The pandemic has dramatically altered the way health care is delivered.
Covid-19 created an urgent need for health systems to upgrade their IT infrastructure, accelerate access to care, and shift care delivery models from the hospital to the home, or through major retailers, local pharmacies and urgent care centers. It fast-tracked the necessity to develop more consumer-centric models that bridged the gap between virtual and in-person care for a greater integrated, personalized and seamless care experience.
While challenges and weaknesses were exposed in global health systems — it also underscored the importance of health tech devices and services as a complementary imperative for delivery of health care during demanding times. Here are five takeaways:
1. Implementations of New Technologies
The pandemic exposed how quickly health systems hit their limits, necessitating the acceleration of digitization. The focus was on increasing healthcare’s accessibility and reach, transparency and efficiency while improving the quality of services at lower costs as care expanded from the hospital to alternative care settings. Digital health solutions include innovations in IT and administration, the cloud, machine learning/AI, analytics, blockchain, cybersecurity — to biopharma and genomics to robotics, immersive technologies, 3D printing, medical transportation hardware/portable devices and software-driven medical devices — to point-of-care testing, remote care-monitoring/IoT and lifestyle products. There’s a surge of tracking, wellness and mental health apps as well.
2. Value and Evidenced-Based Care
Data enables shifting the care model from being reactive in a crisis to becoming proactively predictive. This includes improving detection, diagnosis, assessment and treatment options for improved outcomes at lower costs. While a shift towards a more patient-centric model is advancing, barriers remain. The complexity of health care challenges providers, payers, policymakers, technology companies and other stakeholders. They are adopting enhanced solutions like connected electronic health records, interoperable information systems, and enhanced clinical decision support systems — while protecting privacy. Innovations in digital therapeutics (DTx) devices and apps have the potential to change the health delivery landscape and are a safer and less expensive alternative to drugs, in many cases.
3. Collaborations
A collision of circumstances is adding new urgency for more open cross-sectoral and external collaborations. It will take key stakeholders each with their own unique expertise across technology, medicine, science, health, academia, funding, and business to work together to deliver safe solutions for the common good. The necessity for collaborations extends beyond companies since health is heavily reliant on policy and regulation.

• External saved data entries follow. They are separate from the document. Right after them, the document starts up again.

lemma L_mean_scaled:
  fixes t q :: real assumes t: "1 < t" and q: "0 < q"
  shows "L_mean (t * q) q = (t - 1) * q / ln t"
proof -
  have "t * q \<noteq> q" using t q by simp
  moreover have "ln (t * q) - ln q = ln t" using t q by (simp add: ln_mult)
  ultimately show ?thesis unfolding L_mean_def by (simp add: algebra_simps)
qed

lemma ln_I_mean_scaled:
  fixes t q :: real assumes t: "1 < t" and q: "0 < q"
  shows "ln (I_mean (t * q) q) = t * ln t / (t - 1) + ln q - 1"
proof -
  define p where "p = t * q"
  have p: "0 < p" "p \<noteq> q" unfolding p_def using t q by auto
  have "ln (I_mean p q) = (p * ln p - q * ln q) / (p - q) - 1"
    using p q unfolding I_mean_def by (simp add: ln_div ln_mult ln_powr)
  also have "p * ln p - q * ln q = (t - 1) * q * (t * ln t / (t - 1) + ln q)"
    unfolding p_def using t q by (simp add: ln_mult field_simps)
  also have "p - q = (t - 1) * q"
    unfolding p_def by (simp add: algebra_simps)
  finally show ?thesis
    unfolding p_def using t q by simp
qed

lemma G_mean_div_L_mean:
  fixes p q :: real assumes q: "0 < q" and pq: "q < p"
  shows "G_mean p q / L_mean p q = gl_ratio (sqrt (p / q))"
proof -
  define u where "u = sqrt (p / q)"
  have u: "1 < u" unfolding u_def using q pq by simp
  have p: "p = u^2 * q" unfolding u_def using q pq by simp
  have L: "L_mean p q = (u^2 - 1) * q / (2 * ln u)"
    unfolding p using L_mean_scaled[of "u^2" q] u q by (simp add: ln_realpow)
  have G: "G_mean p q = u * q"
    unfolding p using u q by (simp add: G_mean_scaled)
  have "0 < u^2 - 1" using u by simp
  then show ?thesis
    unfolding L G u_def[symmetric] gl_ratio_def using u q by (simp add: divide_simps)
qed

lemma ln_I_mean_div_G_mean:
  fixes p q :: real assumes q: "0 < q" and pq: "q < p"
  shows "ln (I_mean p q / G_mean p q) = ig_log_ratio (sqrt (p / q))"
proof -
  define u where "u = sqrt (p / q)"
  have u: "1 < u" unfolding u_def using q pq by simp
  have p: "p = u^2 * q" unfolding u_def using q pq by simp
  have u2: "1 < u^2" using u by simp
  have "ln (I_mean p q) = 2 * u^2 * ln u / (u^2 - 1) + ln q - 1"
    unfolding p using ln_I_mean_scaled[OF u2 q] u by (simp add: ln_realpow)
  moreover have "ln (G_mean p q) = ln u + ln q"
    unfolding p using u q by (simp add: G_mean_scaled ln_mult)
  moreover have "0 < I_mean p q" "0 < G_mean p q"
    using I_mean_pos[of p q] p q u by (auto simp: G_mean_scaled)
  ultimately show ?thesis
    unfolding u_def[symmetric] ig_log_ratio_def using u2 by (simp add: ln_div field_simps)
qed

lemma G_mean_less_L_mean:
  fixes p q :: real assumes "0 < q" "q < p" shows "G_mean p q < L_mean p q"
proof -
  have "G_mean p q / L_mean p q < 1"
    using assms gl_ratio_less_one[of "sqrt (p / q)"] by (simp add: G_mean_div_L_mean)
  then show ?thesis
    using L_mean_pos[OF assms] by simp
qed

lemma sqrt_div_less_G_mean_ratio:
  fixes a b c d :: real assumes "0 < d" "d < c" "c \<le> b" "b < a"
  shows "sqrt (c / d) < G_mean a b / G_mean c d"
proof -
  have "sqrt (c / d) * G_mean c d = c"
    unfolding G_mean_def using assms by (simp add: real_sqrt_mult[symmetric])
  also have "c < G_mean a b"
    unfolding G_mean_def using assms real_sqrt_less_mono[of "b * b" "a * b"] by simp
  finally show ?thesis
    unfolding G_mean_def using assms by (simp add: pos_less_divide_eq)
qed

As technology gets more sophisticated, there need to be policy guardrails to protect fundamental privacy.
4. Equity and Inclusion
As technologies like AI, big data and automation shape healthcare – equity and inclusion need to be included in the new and emerging digital health models. These models need to consider culture, social determinants of health as well as the needs of individual communities and/or regions.
5. Consumer-Centricity and Market Dynamics
Accelerated by telehealth, consumers now expect immediate gratification from the health delivery community. Apps like ZocDoc offer instant answers if one wants to find a doctor. Retailers are assessing opportunities in health since they own a pipeline to consumers. Repurposing their expertise at reaching out to individuals, CVS, Best Buy, Target, Walgreens and Walmart are rolling out new health care solutions such as care in the home, behavioral health, improved nutrition, wellness, and prevention, as well as pharmaceutical populational health.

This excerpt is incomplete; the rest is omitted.